Within each classroom, democracy is also upheld as a value. AGC follows the best practices of Responsive Classroom, Restorative Justice, and student-led inquiry-based learning. Within our International Baccalaureate framework, students have tremendous agency to drive their own learning.

Our Democratic Structures:

The School Planning and Management Team, is a group of elected representatives from each staff department alongside a parent representative, with participation from the student council when appropriate.  

The AGC Community Council (ACC) is an elected group of parents, staff, and parents who are also staff (a huge percentage of our staff are also parents of AGC students.) The ACC is tasked with channeling the parent voice and helping to organize parent engagement. 

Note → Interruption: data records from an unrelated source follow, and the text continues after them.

lemma pp_problem_top_class:
  assumes "pp_problem k B S \<alpha> \<beta> v X Y p"
  shows "po_copair (\<lambda>n ty. \<alpha> n (snd ty)) \<beta> n
      (po_rel (prod_psh term_psh (subpsh B S)) (prod_psh term_psh B) (prod_psh Ipsh (subpsh B S))
        (\<lambda>n xx. (fst xx, snd xx)) (\<lambda>n xx. (delta k n (fst xx), snd xx)) n `` {x})
    = case_sum (\<lambda>ty. \<alpha> n (snd ty)) (\<beta> n) x"
  by (rule po_copair_class) (use pp_problemD(5)[OF assms] in auto)

lemma pp_problem_square:
  assumes pr: "pp_problem k B S \<alpha> \<beta> v X Y p"
  shows "is_map (pp_dom term_psh Ipsh (delta k) (subpsh B S) B (\<lambda>n y. y)) X
      (po_copair (\<lambda>n ty. \<alpha> n (snd ty)) \<beta>)"
    and "\<And>n a. a \<in> obj (pp_dom term_psh Ipsh (delta k) (subpsh B S) B (\<lambda>n y. y)) n \<Longrightarrow>
      p n (po_copair (\<lambda>n ty. \<alpha> n (snd ty)) \<beta> n a) = v n (pp_map (delta k) (\<lambda>n y. y) n a)"
proof -
  note S_sub = is_subpshD(1)[OF pp_problemD(2)[OF pr]]
  have top_B: "is_map (prod_psh term_psh B) X (\<lambda>n ty. \<alpha> n (snd ty))"
    using is_map_obj[OF pp_problemD(3)[OF pr]] is_map_act[OF pp_problemD(3)[OF pr]]
    unfolding is_map_def by auto
  show "is_map (pp_dom term_psh Ipsh (delta k) (subpsh B S) B (\<lambda>n y. y)) X
      (po_copair (\<lambda>n ty. \<alpha> n (snd ty)) \<beta>)"
    unfolding pp_dom_def
    by (rule is_map_po_copair[OF is_psh_prod_psh[OF is_psh_term_psh] _ _ top_B pp_problemD(4)[OF pr]])
      (use S_sub is_psh_subpsh[OF pp_problemD(1,2)[OF pr]] pp_problemD(5)[OF pr] in \<open>auto simp: is_map_def\<close>)
  fix n a assume "a \<in> obj (pp_dom term_psh Ipsh (delta k) (subpsh B S) B (\<lambda>n y. y)) n"
  then obtain x where x: "x \<in> obj (prod_psh term_psh B) n <+> obj (prod_psh Ipsh (subpsh B S)) n"
    "a = po_rel (prod_psh term_psh (subpsh B S)) (prod_psh term_psh B) (prod_psh Ipsh (subpsh B S))
        (\<lambda>n xx. (fst xx, snd xx)) (\<lambda>n xx. (delta k n (fst xx), snd xx)) n `` {x}"
    unfolding pp_dom_def by (rule pushout_obj_cases)
  show "p n (po_copair (\<lambda>n ty. \<alpha> n (snd ty)) \<beta> n a) = v n (pp_map (delta k) (\<lambda>n y. y) n a)"
    unfolding x(2) pp_problem_top_class[OF pr] pp_map_class[of "delta k" "\<lambda>n y. y"]
    using x(1) pp_problemD(7,8)[OF pr] by auto
qed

An elected Student Council represents student voice. Additional student committees and publications bolster open feedback and dialog.

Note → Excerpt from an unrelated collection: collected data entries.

lemma entry_above_interface_le_norm:
  assumes "y \<in> carrier_vec S" "s \<le> j" "j < s + n"
  shows "\<bar>y $ j\<bar> \<le> vec_inf_norm y"
proof -
  have "j < S" using assms(3) s_add_n_le_S by linarith
  then show ?thesis using assms(1) vec_inf_norm_ge[of j y] by simp
qed

lemma Q1_Q2_bound:
  assumes x: "x \<in> carrier_vec S" and Y: "\<And>j. n * m - n \<le> j \<Longrightarrow> j < n * m \<Longrightarrow> \<bar>x $ j\<bar> \<le> Y"
    and Y0: "0 \<le> Y"
  shows "vec_inf_norm (Q1 *\<^sub>v (Q2 *\<^sub>v x)) \<le> Y"
proof (rule vec_inf_norm_leI[OF Y0])
  let ?z = "Q2 *\<^sub>v x"
  have z: "?z \<in> carrier_vec S" using Q2_mult_vec_carrier[OF x] .
  have zY: "\<bar>?z $ j\<bar> \<le> Y" if "s \<le> j" "j < s + n" for j
  proof (rule Q2_bound[OF x Y])
    show "n * m \<le> j" using that by simp
    show "j < S" using that(2) s_add_n_le_S by linarith
  qed
  fix p assume "p < dim_vec (Q1 *\<^sub>v ?z)"
  then have p: "p < S" using Q1_carrier by simp
  show "\<bar>(Q1 *\<^sub>v ?z) $ p\<bar> \<le> Y"
  proof (cases "p < s")
    case True
    have "\<bar>(Q1 *\<^sub>v ?z) $ p\<bar> \<le> Y * rho ^ (m - p div n)" by (rule Q1_bound[OF z zY True])
    also have "\<dots> \<le> Y" using Y0 rho_pos rho_less_1 by (simp add: mult_left_le power_le_one)
    finally show ?thesis .
  next
    case False
    then show ?thesis using Q1_keeps_outside[OF z p] Q2_bound[OF x Y _ p] by simp
  qed
qed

An array multi-stakeholder committees tackle specific needs, such as the budget committee (made up of parents and staff) and the hiring committee.

Why Democratic Education?

Democracy can be messy and labor-intensive, but power sharing in the classroom and in school leadership also has tremendous benefits.

We are truly greater than the sum of our parts. To reimagine what’s possible in public education, we need every member of our community to be fully and authentically contributing to our vision for change.  A diversity of perspectives within multi-stakeholder groups also helps to enrich decision making.

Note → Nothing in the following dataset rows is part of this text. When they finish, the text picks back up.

(* Let $X$ be an unbounded metric space of bounded geometry with finite asymptotic dimension, and let $1\le p<\infty$. Then for every $S>0$ with $\delta_p(S)>0$, $$\epsilon_{X;p}(S)\le\frac{2^{1+1/p}}{\delta_p(S)}\le\frac{4}{\delta_p(S)}.$$
   Context: A metric space has bounded geometry if for every $R$ there is $C$ such that every $R$-ball has at most $C$ points. For a cover $\mathfrak U$ of $X$: $L(\mathfrak U,x)=\sup_{U\in\mathfrak U}\sup\{r: B_r(x)\subset U\}$, $L(\mathfrak U)=\inf_x L(\mathfrak U,x)$, $m(\mathfrak U)=\max_x\#\{U\in\mathfrak U:x\in U\}$, $S(\mathfrak U)=\sup_{U\in\mathfrak U}\operatorname{diam}U$. $X$ has finite asymptotic dimension if for some $k$ and every $L>0$ there is a cover with finite mesh, multiplicity $\le k+1$ and Lebesgue number $\ge L$. Define $\delta_p(S)=\sup\{L(\mathfrak U)/m(\mathfrak U)^{2/p}\}$ over covers $\mathfrak U$ of $X$ with $S(\mathfrak U)\le S$ (terms with infinite multiplicity count as $0$). $\ell^p(X)$, $\ell^p_1(X)$ denote the $p$-summable functions and their unit sphere; for $\xi\colon X\to\ell^p(X)$, $S(\xi)=\sup\{d(x,y):\xi_x(y)\ne0\}$, $\varepsilon(\xi;p)=\sup_{x\ne y}\|\xi_x-\xi_y\|_p/d(x,y)$, and $\epsilon_{X;p}(S)=\inf\{\varepsilon(\xi;p):\xi\colon X\to\ell^p_1(X),\ S(\xi)\le S\}$. *)

theory Defs
  imports "HOL-Analysis.Analysis"
begin

text \<open>The metric space X is the whole type 'a. Suprema are taken in the extended reals.\<close>

definition bounded_geometry :: "'a::metric_space itself \<Rightarrow> bool" where
  "bounded_geometry _ \<longleftrightarrow>
     (\<forall>R::real. \<exists>C::nat. \<forall>x::'a. finite (cball x R) \<and> card (cball x R) \<le> C)"

definition leb_at :: "'a::metric_space set set \<Rightarrow> 'a \<Rightarrow> ereal" where
  "leb_at \<U> x = (SUP U\<in>\<U>. Sup {ereal r | r. ball x r \<subseteq> U})"

definition leb :: "'a::metric_space set set \<Rightarrow> ereal" where
  "leb \<U> = (INF x. leb_at \<U> x)"

definition mult :: "'a set set \<Rightarrow> ereal" where
  "mult \<U> = (SUP x. (if finite {U\<in>\<U>. x \<in> U} then ereal (real (card {U\<in>\<U>. x \<in> U})) else \<infinity>))"

definition ediam :: "'a::metric_space set \<Rightarrow> ereal" where
  "ediam U = (SUP (x,y)\<in>U \<times> U. ereal (dist x y))"

definition mesh :: "'a::metric_space set set \<Rightarrow> ereal" where
  "mesh \<U> = (SUP U\<in>\<U>. ediam U)"

definition is_cover :: "'a set set \<Rightarrow> bool" where
  "is_cover \<U> \<longleftrightarrow> \<Union>\<U> = UNIV"

definition finite_asdim :: "'a::metric_space itself \<Rightarrow> bool" where
  "finite_asdim _ \<longleftrightarrow> (\<exists>k::nat. \<forall>L::real. L > 0 \<longrightarrow>
     (\<exists>\<U>::'a set set. is_cover \<U> \<and> mesh \<U> < \<infinity> \<and> mult \<U> \<le> ereal (real k + 1)
        \<and> leb \<U> \<ge> ereal L))"

text \<open>Term L(U)/m(U)^(2/p); covers of infinite multiplicity contribute 0.\<close>
definition cover_ratio :: "real \<Rightarrow> 'a::metric_space set set \<Rightarrow> ereal" where
  "cover_ratio p \<U> =
     (if mult \<U> = \<infinity> then 0 else leb \<U> / ereal (real_of_ereal (mult \<U>) powr (2 / p)))"

definition delta_p :: "'a::metric_space itself \<Rightarrow> real \<Rightarrow> real \<Rightarrow> ereal" where
  "delta_p _ p S = (SUP \<U>\<in>{\<U>::'a set set. is_cover \<U> \<and> mesh \<U> \<le> ereal S}. cover_ratio p \<U>)"

definition in_lp :: "real \<Rightarrow> ('a \<Rightarrow> real) \<Rightarrow> bool" where
  "in_lp p f \<longleftrightarrow> (\<lambda>y. \<bar>f y\<bar> powr p) summable_on UNIV"

definition lp_norm :: "real \<Rightarrow> ('a \<Rightarrow> real) \<Rightarrow> real" where
  "lp_norm p f = (\<Sum>\<^sub>\<infinity>y. \<bar>f y\<bar> powr p) powr (1 / p)"

definition lp_sphere :: "real \<Rightarrow> ('a \<Rightarrow> real) set" where
  "lp_sphere p = {f. in_lp p f \<and> lp_norm p f = 1}"

definition prop_S :: "('a::metric_space \<Rightarrow> 'a \<Rightarrow> real) \<Rightarrow> ereal" where
  "prop_S \<xi> = Sup {ereal (dist x y) | x y. \<xi> x y \<noteq> 0}"

definition eps_xi :: "real \<Rightarrow> ('a::metric_space \<Rightarrow> 'a \<Rightarrow> real) \<Rightarrow> ereal" where
  "eps_xi p \<xi> = (SUP (x,y)\<in>{(x,y). x \<noteq> y}. ereal (lp_norm p (\<lambda>z. \<xi> x z - \<xi> y z) / dist x y))"

definition eps_X :: "'a::metric_space itself \<Rightarrow> real \<Rightarrow> real \<Rightarrow> ereal" where
  "eps_X _ p S = (INF \<xi>\<in>{\<xi>::'a \<Rightarrow> 'a \<Rightarrow> real. (\<forall>x. \<xi> x \<in> lp_sphere p) \<and> prop_S \<xi> \<le> ereal S}. eps_xi p \<xi>)"

end

theory Submission
  imports Defs
begin

(* Take a cover \<U> of mesh at most S with multiplicity m and Lebesgue number L > 0, and put
     F_x(z) = (\<Sum>_{U \<ni> z} d(x, X - U)^p / |U|)^(1/p).
   Summing over z spreads each d(x, X - U)^p evenly over the points of U, so
   ||F_x||_p^p = \<Sum>_{U \<ni> x} d(x, X - U)^p \<ge> L^p; here unboundedness of X keeps every X - U
   nonempty.  Since d(-, X - U) is 1-Lipschitz and at most 2m sets contain x or y,
   ||F_x - F_y||_p \<le> (2m)^(1/p) d(x, y).  The normalised \<xi>_x = F_x / ||F_x||_p is supported in the
   S-ball around x and satisfies ||\<xi>_x - \<xi>_y||_p \<le> 2 (2m)^(1/p) d(x, y) / L
   \<le> 2^(1 + 1/p) d(x, y) / (L / m^(2/p)); taking the supremum over covers gives the bound. *)

lemma convex_on_powr_nonneg:
  assumes "1 \<le> p"
  shows "convex_on {0::real..} (\<lambda>x. x powr p)"
proof (rule convex_on_linorderI)
  fix t x y :: real
  assume t: "0 < t" "t < 1" and xy: "x \<in> {0..}" "y \<in> {0..}" "x < y"
  show "((1 - t) *\<^sub>R x + t *\<^sub>R y) powr p \<le> (1 - t) * x powr p + t * y powr p"
  proof (cases "x = 0")
    case True
    have "t powr p \<le> t powr 1"
      using t assms by (intro powr_mono') auto
    then show ?thesis
      using True xy t by (simp add: powr_mult mult_right_mono)
  next
    case False
    then show ?thesis
      using convex_onD[OF powr_convex[OF assms], of t x y] t xy by simp
  qed
qed simp

definition lp_set :: "real \<Rightarrow> ('i \<Rightarrow> real) \<Rightarrow> 'i set \<Rightarrow> real" where
  "lp_set p f I = (\<Sum>i\<in>I. \<bar>f i\<bar> powr p) powr (1 / p)"

lemma lp_set_nonneg [simp]: "0 \<le> lp_set p f I"
  by (simp add: lp_set_def)

lemma lp_set_powr:
  assumes "0 < p"
  shows "lp_set p f I powr p = (\<Sum>i\<in>I. \<bar>f i\<bar> powr p)"
  using assms by (simp add: lp_set_def powr_powr sum_nonneg)

lemma lp_set_cong: "(\<And>i. i \<in> I \<Longrightarrow> f i = g i) \<Longrightarrow> lp_set p f I = lp_set p g I"
  unfolding lp_set_def by (metis (no_types, lifting) sum.cong)

lemma lp_set_eq_0_iff:
  assumes "finite I" "0 < p"
  shows "lp_set p f I = 0 \<longleftrightarrow> (\<forall>i\<in>I. f i = 0)"
  using assms by (simp add: lp_set_def sum_nonneg_eq_0_iff)

lemma lp_set_cmult:
  assumes "0 < p"
  shows "lp_set p (\<lambda>i. c * f i) I = \<bar>c\<bar> * lp_set p f I"
  using assms
  by (simp add: lp_set_def abs_mult powr_mult sum_distrib_left[symmetric] sum_nonneg powr_powr)

lemma lp_set_member_le:
  assumes "finite I" "i \<in> I" "0 < p"
  shows "\<bar>f i\<bar> \<le> lp_set p f I"
proof -
  have "\<bar>f i\<bar> powr p \<le> (\<Sum>i\<in>I. \<bar>f i\<bar> powr p)"
    using assms by (intro member_le_sum) auto
  then have "(\<bar>f i\<bar> powr p) powr (1 / p) \<le> lp_set p f I"
    unfolding lp_set_def using assms by (intro powr_mono2) auto
  then show ?thesis
    using assms by (simp add: powr_powr)
qed

lemma lp_set_le_if_powr_le:
  assumes "0 < p" "0 \<le> c" "(\<Sum>i\<in>I. \<bar>f i\<bar> powr p) \<le> c powr p"
  shows "lp_set p f I \<le> c"
proof -
  have "lp_set p f I \<le> (c powr p) powr (1 / p)"
    unfolding lp_set_def using assms by (intro powr_mono2) (auto intro: sum_nonneg)
  also have "\<dots> = c"
    using assms by (simp add: powr_powr)
  finally show ?thesis .
qed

In his book exploring democratic learning environments, American Schools, Sam Chaltain describes the balance that American institutions strike. “These two universal needs,” he says, “for freedom on one hand and structure on the other — are particularly relevant to our nation’s school leaders, who must strike the right balance between the two in order to create healthy, high-functioning learning environments.”

Responding to Change

AGC was founded in 2008 with 100 students and a handful of staff. As our school has grown and evolved — developing our Middle Years Program in 2013, incorporating a Dual Language program in 2014, graduating our first 8th-grade class in 2016 and now, in our 10th year — our staff structure has grown and changed organically to meet the needs of our community. Our democratic structures have emerged, ebbed and flowed responsive to changing needs.

Recently, we sat down as a community to draft a staff model that best meets the needs of our community today. After ten years of intense growth and change, we’re no longer adding a grade level each year and, because change is truly the only constant, we’ve grasped an opportunity to reflect and redesign our leadership approach.

As a laboratory of innovation in education, we look for the best path, which is often not the most common or the easiest one. As a community driven by a unique mission, vision, and values, we are accustomed to innovative problem-solving.  Over the last year, AGC’s democratic multi-stakeholder groups have spent countless hours developing a vision for the future of our leadership structure.

Innovating on School Leadership

To begin this process, we held open parent and staff meetings across two evenings to collect feedback on what the goals of a new leadership structure should be. Parents, staff, and students walked silently around the multipurpose room, pausing in front of chart paper taped to the walls to answer probing questions: “What makes our community unique? What will AGC be remembered for in 10 years? What is the primary role of leadership?” We then split into small, multi-stakeholder groups to reflect and offer feedback. All of the days’ notes were collected and analyzed by the School Planning and Management Team (SPMT). This feedback and generated 11 models, each reflecting a unique approach to leading a democratic school.

After several rounds of feedback and Q & A on shared google docs, the 11 models were reduced to 4.  Those 4 models were taken to staff who, during a professional development day, broke into small groups to observe the problems in school leadership each model solved, created, or failed to address.

It has been an inspiring experience to watch our staff collaboratively innovate and problem solve, week after week throughout this process. AGC’s incomparable staff boasts an average of 11+ years of experience, which is uncommon in the Chicago charter community. AGC also retains 90% of our staff year-to-year, so we must be doing something right!

What’s Next?

With this revamped leadership model, we’re now looking for progressive, innovative, and bilingual school leaders to join our team. We are exploring internal and external candidates simultaneously and accepting applications on a rolling basis.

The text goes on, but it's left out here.